Instructions to follow ->
Look through the material below and report every line that includes "symmetric".

Data for this task ->
:::
(* Let $T$ take values in $\mathcal{S}\subseteq\mathbb{N}$, $q_t=\mathbb{P}(T=t)$, with $\mathbb{E}[T^\delta]<\infty$ for some $\delta>0$. Fix $\tau\in(0,1)$, a kernel $\kappa:\mathcal{S}^2\to[0,\infty)$, and two vertex types $t,s\in\mathcal{S}$ that are stable at tolerance $\tau$; set $\Lambda_n(t,s)=\lfloor nq_tq_s\kappa(t,s)\rfloor$. Let $\kappa_n'$ be another kernel for which there exist $\alpha\in(1/2-\tau/2,1/2)$ and $C>0$ with $$\kappa_n'(t,s)\ge\kappa(t,s)+\frac{Cn^{-1/2+\alpha}}{\sqrt{q_tq_s}},$$ and let $A_n$ be the arc-to-vertex-type function of $\texttt{IRD}_n(T,\kappa_n')$. Then for all sufficiently large $n$, $\mathbb{P}(A_n(t,s)<\Lambda_n(t,s))\le2\exp(-\log(n)^2/2)$.
   Context: $\texttt{IRD}_n(T,\kappa_n')$: vertex set $[n]$, types $T_v$ i.i.d. as $T$, each arc $(v,w)$, $v\ne w$, present independently with probability $\min\{\kappa_n'(T_v,T_w)/n,1\}$. Arc-to-vertex-type function: $A_n(t,s)=|\{(v,w)\text{ arc}:T_v=t,T_w=s\}|$. Stability: $u_n^\uparrow(\tau)=\inf\{t:q_s<n^{-1+\tau}\ \forall s\ge t\}$; type $t$ is stable at tolerance $\tau$ if $t<u_n^\uparrow(\tau)$. *)

theory Defs
  imports "HOL-Probability.Probability"
begin

text \<open>Vertex set [n] = {1..n}; a realisation of IRD_n is a pair (types, arcs):
  types v is the type of vertex v, arcs (v,w) says whether the arc (v,w) is present.\<close>

definition vertices :: "nat \<Rightarrow> nat set" where
  "vertices n = {1..n}"

definition arc_slots :: "nat \<Rightarrow> (nat \<times> nat) set" where
  "arc_slots n = {(v, w). v \<in> vertices n \<and> w \<in> vertices n \<and> v \<noteq> w}"

definition IRD :: "nat \<Rightarrow> nat pmf \<Rightarrow> (nat \<Rightarrow> nat \<Rightarrow> real)
    \<Rightarrow> ((nat \<Rightarrow> nat) \<times> (nat \<times> nat \<Rightarrow> bool)) pmf" where
  "IRD n T k =
     bind_pmf (Pi_pmf (vertices n) 0 (\<lambda>_. T)) (\<lambda>types.
     bind_pmf (Pi_pmf (arc_slots n) False
                 (\<lambda>(v, w). bernoulli_pmf (min (k (types v) (types w) / real n) 1))) (\<lambda>arcs.
     return_pmf (types, arcs)))"

definition arc_count :: "nat \<Rightarrow> (nat \<Rightarrow> nat) \<times> (nat \<times> nat \<Rightarrow> bool) \<Rightarrow> nat \<Rightarrow> nat \<Rightarrow> nat" where
  "arc_count n G t s =
     card {(v, w). (v, w) \<in> arc_slots n \<and> snd G (v, w) \<and> fst G v = t \<and> fst G w = s}"

definition u_up :: "nat pmf \<Rightarrow> nat \<Rightarrow> real \<Rightarrow> nat" where
  "u_up T n \<tau> = Inf {t. \<forall>s\<ge>t. pmf T s < real n powr (-1 + \<tau>)}"

definition stable :: "nat pmf \<Rightarrow> nat \<Rightarrow> real \<Rightarrow> nat \<Rightarrow> bool" where
  "stable T n \<tau> t \<longleftrightarrow> t < u_up T n \<tau>"

end

theory Submission
  imports Defs "HOL-Real_Asymp.Real_Asymp"
begin

(* Condition on the vertex types. By Hoeffding's inequality the type counts satisfy
   N_u >= n q_u - sqrt n log n for u = t, s, except with probability exp(-2 log^2 n) each.
   Given such types there are at least N_t N_s - n possible (t,s)-arcs, each present
   independently with probability at least kappa'_n(t,s)/n, so A_n(t,s) dominates a binomial
   variable with mean mu. The perturbation C n^(-1/2+alpha) / sqrt(q_t q_s) of kappa makes
   mu - Lambda_n of order n^(1/2+alpha), which beats sqrt mu log n, and the multiplicative
   Chernoff bound exp(-(mu - Lambda_n)^2 / (2 mu)) yields exp(-log^2 n / 2). *)

lemma nn_integral_binomial_pmf_exp:
  assumes p: "p \<in> {0..1}"
  shows "(\<integral>\<^sup>+x. ennreal (exp (- l * real x)) \<partial>binomial_pmf m p)
           = ennreal ((1 - p + p * exp (- l)) ^ m)"
proof (induction m)
  case 0
  then show ?case using p by (simp add: binomial_pmf_0)
next
  case (Suc m)
  define g where "g = 1 - p + p * exp (- l)"
  have g_nonneg: "0 \<le> g" using p by (auto simp: g_def intro!: add_nonneg_nonneg)
  have "(\<integral>\<^sup>+x. ennreal (exp (- l * real x)) \<partial>binomial_pmf (Suc m) p)
      = (\<integral>\<^sup>+b. (\<integral>\<^sup>+k. ennreal (exp (- l * (if b then 1 else 0))) * ennreal (exp (- l * real k))
            \<partial>binomial_pmf m p) \<partial>bernoulli_pmf p)"
    using p unfolding binomial_pmf_Suc[OF p]
    by (simp del: nn_integral_bernoulli_pmf, intro nn_integral_cong)
       (auto simp: ennreal_mult'[symmetric] exp_add[symmetric] algebra_simps)
  also have "\<dots> = (\<integral>\<^sup>+b. ennreal (exp (- l * (if b then 1 else 0))) * ennreal (g ^ m) \<partial>bernoulli_pmf p)"
    using Suc by (simp add: nn_integral_cmult g_def)
  also have "\<dots> = ennreal (exp (- l) * g ^ m * p + g ^ m * (1 - p))"
    using p g_nonneg by (simp add: ennreal_mult'[symmetric] ennreal_plus[symmetric] del: ennreal_plus)
  also have "\<dots> = ennreal (g ^ Suc m)"
    by (simp add: g_def algebra_simps)
  finally show ?case by (simp add: g_def)
qed

lemma exp_neg_le_quadratic:
  fixes x :: real
  assumes "0 \<le> x"
  shows "exp (- x) \<le> 1 - x + x\<^sup>2 / 2"
proof -
  let ?f = "\<lambda>y::real. 1 - y + y\<^sup>2 / 2 - exp (- y)"
  have "?f 0 \<le> ?f x"
  proof (rule DERIV_nonneg_imp_nondecreasing[OF assms])
    fix y :: real
    assume "0 \<le> y"
    have "(?f has_real_derivative - 1 + y + exp (- y)) (at y)"
      by (auto intro!: derivative_eq_intros)
    moreover have "0 \<le> - 1 + y + exp (- y)"
      using exp_ge_add_one_self[of "- y"] by linarith
    ultimately show "\<exists>d. (?f has_real_derivative d) (at y) \<and> 0 \<le> d" by blast
  qed
  then show ?thesis by simp
qed

lemma binomial_mgf_le_exp:
  assumes p: "p \<in> {0..1}" and l: "0 \<le> l" "l \<le> 2" and \<mu>: "\<mu> \<le> real m * p"
  shows "(1 - p + p * exp (- l)) ^ m \<le> exp (\<mu> * (l\<^sup>2 / 2 - l))"
proof -
  have "1 - p + p * exp (- l) \<le> exp (p * (exp (- l) - 1))"
    using exp_ge_add_one_self[of "p * (exp (- l) - 1)"] by (simp add: algebra_simps)
  then have "(1 - p + p * exp (- l)) ^ m \<le> exp (p * (exp (- l) - 1)) ^ m"
    by (rule power_mono) (use p in \<open>auto intro!: add_nonneg_nonneg\<close>)
  also have "\<dots> = exp (real m * p * (exp (- l) - 1))"
    by (simp add: exp_of_nat_mult[symmetric] mult_ac)
  also have "\<dots> \<le> exp (real m * p * (l\<^sup>2 / 2 - l))"
    using exp_neg_le_quadratic[OF l(1)] p by (auto intro!: mult_left_mono)
  also have "\<dots> \<le> exp (\<mu> * (l\<^sup>2 / 2 - l))"
  proof -
    have "l * l \<le> 2 * l" using mult_right_mono[OF l(2,1)] .
    then have "l\<^sup>2 / 2 - l \<le> 0" by (simp add: power2_eq_square)
    then show ?thesis using \<mu> by (simp add: mult_right_mono_neg)
  qed
  finally show ?thesis .
qed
:::
Response to this exercise ->
       (auto simp: ennreal_mult'[symmetric] exp_add[symmetric] algebra_simps)
    using p g_nonneg by (simp add: ennreal_mult'[symmetric] ennreal_plus[symmetric] del: ennreal_plus)
    by (simp add: exp_of_nat_mult[symmetric] mult_ac)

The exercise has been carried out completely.